Ross would claim that this problem is hard, and he is right. That, however, is not to say that it is impossible, and a brave cohort of young researchers is attacking these problems and proving some fascinating results. Taking the lead is Matthew Kahle, who stands out from the crowd in a number of ways, not the least of which is that he is the only mathematician I know who is so dedicated to his profession that he has a tattoo of a fractal on his biceps. Kahle and others have analysed the large scale behavior of mean Betti numbers for this and a number of other recipes for generating random simplical complexes. There are now results about expectations, laws of large numbers, and even central limit theorems. (See the recent review by Kahle and Omer Bobrowski at arxiv.1409.4734.)

This is not the place to give details about theorems, other than one. Actually, it is not yet a theorem, but more a collection of observations based on simulation, experience, and real theorems, all pointing in the direction of a universality phenomenon that surprised even seasoned topologists. The phenomenon is the following: In all models of random structure studied so far in which Betti numbers become large, there is always one that is an order of magnitude larger than the others. In other words, if we return to our version of homology that says it is all about gluing together spheres of different dimension, then there is one dimension that dominates all the others. Either we have, in three dimensions, lots of connected components and very few rings and holes, or lots of rings, all in a few connected components with few voids, and so on. It seems that when Nature plays dice to build large random structures, she has a great deal of trouble building complicated ones, but concentrates on building sets with rather uniform homologies.

All of these results are about large systems, which is when Probability can apply its tools to ignore local structure. Saying something about small systems turns out to be harder, unless we take the lead from Euler.

Among the multitude of mathematical constructs that bear his name, lies the “Euler characteristic” of sets. For a 3D set, this is the number of components minus the numbers of rings plus the number of holes, and in general it is an alternating sum of Betti numbers.

The Euler characteristic (EC) is ubiquitous—it appears just about everywhere the words “topology” or “geometry” do, and it has a multitude of seemingly different definitions. The result is that much about the EC for random systems—both those of the smiley kind and those arising from continuous systems—is known.

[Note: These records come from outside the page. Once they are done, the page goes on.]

text \<open>The position maps \<open>ball x0 r\<close>, where \<open>f \<ge> t\<close>, into \<open>{x. t / \<alpha> \<le> g x}\<close>; comparing volumes through
  \<open>emeasure_superlevel_le\<close> gives \<open>\<alpha> powr s * vol \<le> (max 1 (ln (g x0 / t * \<alpha>))) ^ d * m\<close>.\<close>

lemma position_scale_upper_bound:
  fixes f g :: "real^'n \<Rightarrow> real"
  assumes "0 < s" and "usc g" and "log_concave g" and "lint g < \<infinity>"
    and "0 < r" and "0 < t" and "ball x0 r \<subseteq> {x. t \<le> f x}" and "0 < g x0"
  shows "\<exists>\<alpha>1\<ge>1. \<forall>A \<alpha> a. invertible A \<longrightarrow> 0 < \<alpha> \<longrightarrow> above_position f g A \<alpha> a \<longrightarrow>
    \<alpha> powr s \<le> \<bar>det A\<bar> \<longrightarrow> \<alpha> \<le> \<alpha>1"
proof -
  define L where "L = {x. g x0 * exp (-1) \<le> g x}"
  obtain m where m: "emeasure lborel L = ennreal m" "0 \<le> m"
    using emeasure_superlevel_finite[OF assms(2,4), of "g x0 * exp (-1)"] assms(8)
    unfolding L_def by (cases "emeasure lborel L") (auto simp: L_def)
  define vol where "vol = unit_ball_vol (real CARD('n)) * r ^ CARD('n)"
  have vol: "0 < vol" "emeasure lborel (ball x0 r) = ennreal vol"
    unfolding vol_def using assms(5) by (simp_all add: emeasure_ball)
  obtain \<alpha>1 where \<alpha>1: "\<And>\<alpha>. 0 < \<alpha> \<Longrightarrow> \<alpha> powr s * vol \<le> (max 1 (ln (g x0 / t * \<alpha>))) ^ CARD('n) * m \<Longrightarrow> \<alpha> \<le> \<alpha>1"
    using powr_le_ln_power_bounded[OF assms(1) _ vol(1) m(2), of "g x0 / t" "CARD('n)"] assms(6,8) by auto
  show ?thesis
  proof (intro exI[of _ "max 1 \<alpha>1"] conjI allI impI)
    fix A \<alpha> a
    assume inv: "invertible A" and \<alpha>: "0 < \<alpha>" and above: "above_position f g A \<alpha> a"
      and det: "\<alpha> powr s \<le> \<bar>det A\<bar>"
    define k where "k = max 1 (ln (g x0 / t * \<alpha>))"
    have "ball x0 r \<subseteq> {x. A *v x + a \<in> {x. t / \<alpha> \<le> g x}}"
      using above_position_superlevel[OF above \<alpha>] assms(7) by auto
    then have "ennreal \<bar>det A\<bar> * emeasure lborel (ball x0 r) \<le> emeasure lborel {x. t / \<alpha> \<le> g x}"
      by (rule det_mult_emeasure_le[OF inv sets_superlevel_usc[OF assms(2)]])
    also have "\<dots> \<le> ennreal (k ^ CARD('n)) * emeasure lborel L"
      unfolding L_def k_def using assms(6,8) \<alpha>
      by (intro emeasure_superlevel_le[OF assms(2,3,8)]) (simp_all add: field_simps)
    finally have "\<bar>det A\<bar> * vol \<le> k ^ CARD('n) * m"
      using vol m unfolding k_def by (simp add: ennreal_mult'[symmetric])
    then have "\<alpha> powr s * vol \<le> k ^ CARD('n) * m"
      using mult_right_mono[OF det less_imp_le[OF vol(1)]] by linarith
    then show "\<alpha> \<le> max 1 \<alpha>1"
      using \<alpha>1[OF \<alpha>] unfolding k_def by simp
  qed simp
qed

lemma position_affine_part_bounded:
  fixes f g :: "real^'n \<Rightarrow> real"
  assumes "usc g" and "log_concave g" and "lint g < \<infinity>" and "\<forall>x. f x \<le> g x"
    and "0 < r" and "0 < t" and "ball x0 r \<subseteq> {x. t \<le> f x}" and "1 \<le> \<alpha>1"
  shows "\<exists>RA Ra. \<forall>A \<alpha> a. 0 < \<alpha> \<longrightarrow> \<alpha> \<le> \<alpha>1 \<longrightarrow> above_position f g A \<alpha> a \<longrightarrow> norm A \<le> RA \<and> norm a \<le> Ra"
proof -
  define K where "K = {x. t / \<alpha>1 \<le> g x}"
  have tK: "0 < t / \<alpha>1" "t / \<alpha>1 \<le> t"
    using assms(6,8) by (auto simp: divide_le_eq)
  obtain m where m: "emeasure lborel K = ennreal m" "0 \<le> m"
    using emeasure_superlevel_finite[OF assms(1,3) tK(1)] unfolding K_def
    by (cases "emeasure lborel {x. t / \<alpha>1 \<le> g x}") auto
  have "ball x0 r \<subseteq> K"
    using assms(4,7) tK(2) unfolding K_def by (force intro: order_trans)
  define R where "R = 2 * r * m / (unit_ball_vol (real CARD('n)) * (r/2) ^ CARD('n))"
  have K_bounded: "norm (p - x0) \<le> R" if "p \<in> K" for p
    unfolding R_def using K_def convex_superlevel_log_concave[OF assms(2) tK(1)]
      sets_superlevel_usc[OF assms(1)] \<open>ball x0 r \<subseteq> K\<close> assms(5) m that
    by (intro convex_norm_le_of_emeasure) auto
  define B where "B = real CARD('n) * real CARD('n) * (4 * R / r)"
  show ?thesis
  proof (intro exI allI impI)
    fix A \<alpha> a
    assume \<alpha>: "0 < \<alpha>" "\<alpha> \<le> \<alpha>1" and above: "above_position f g A \<alpha> a"
    have "A *v x + a \<in> K" if "x \<in> ball x0 r" for x
    proof -
      have "t / \<alpha>1 \<le> t / \<alpha>"
        using assms(6) \<alpha> by (simp add: frac_le)
      also have "\<dots> \<le> g (A *v x + a)"
        using above_position_superlevel[OF above \<alpha>(1)] assms(7) that by blast
      finally show ?thesis
        unfolding K_def by simp
    qed
    then have "\<And>x. x \<in> ball x0 r \<Longrightarrow> norm (A *v x + a - x0) \<le> R"
      using K_bounded by blast
    from affine_bounded_on_ball[OF assms(5) this, folded B_def]
    show "norm A \<le> B \<and> norm a \<le> R + norm x0 + B * norm x0"
      by simp
  qed
qed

Indeed, a good part of my own career in random fields has involved the EC, and Jonathan Taylor has achieved mathematical miracles in working this up to a beautiful theory. My sorely missed friend Keith Worsley spent much of his career in Biostatistics developing what he and the British neuroscientist Karl Friston dubbed Toplogical Inference, applying results about the EC to analyze fMRI brain images.

So it turns out that if one wants ready-made results linking Probability and Topology, then one way to go is with the EC. Euler was right. He found something topologically deep, but simple enough for probabilists.

But the big challenge to Probability is still out there. Although results about Betti numbers are coming in, they are still mainly about means and limit theorems, More importantly, almost nothing is known about the distributional properties of barcodes, and these are the main tool of Applied Topology. Probabilistic results about barcodes are going to be crucial to developing a serious statistical theory behind their application.

In summary, we urgently need to develop new tools to attack one of the most challenging, interesting, and ultimately applicable problems around: describing the distributional properties of the algebraic topological structure of random systems. We need, simultaneously, to prove that Ross was wrong, and to move Probability out of the slums of thinking only in the trivial topology of graphs, moving it into a far richer and more promising domain of real topology.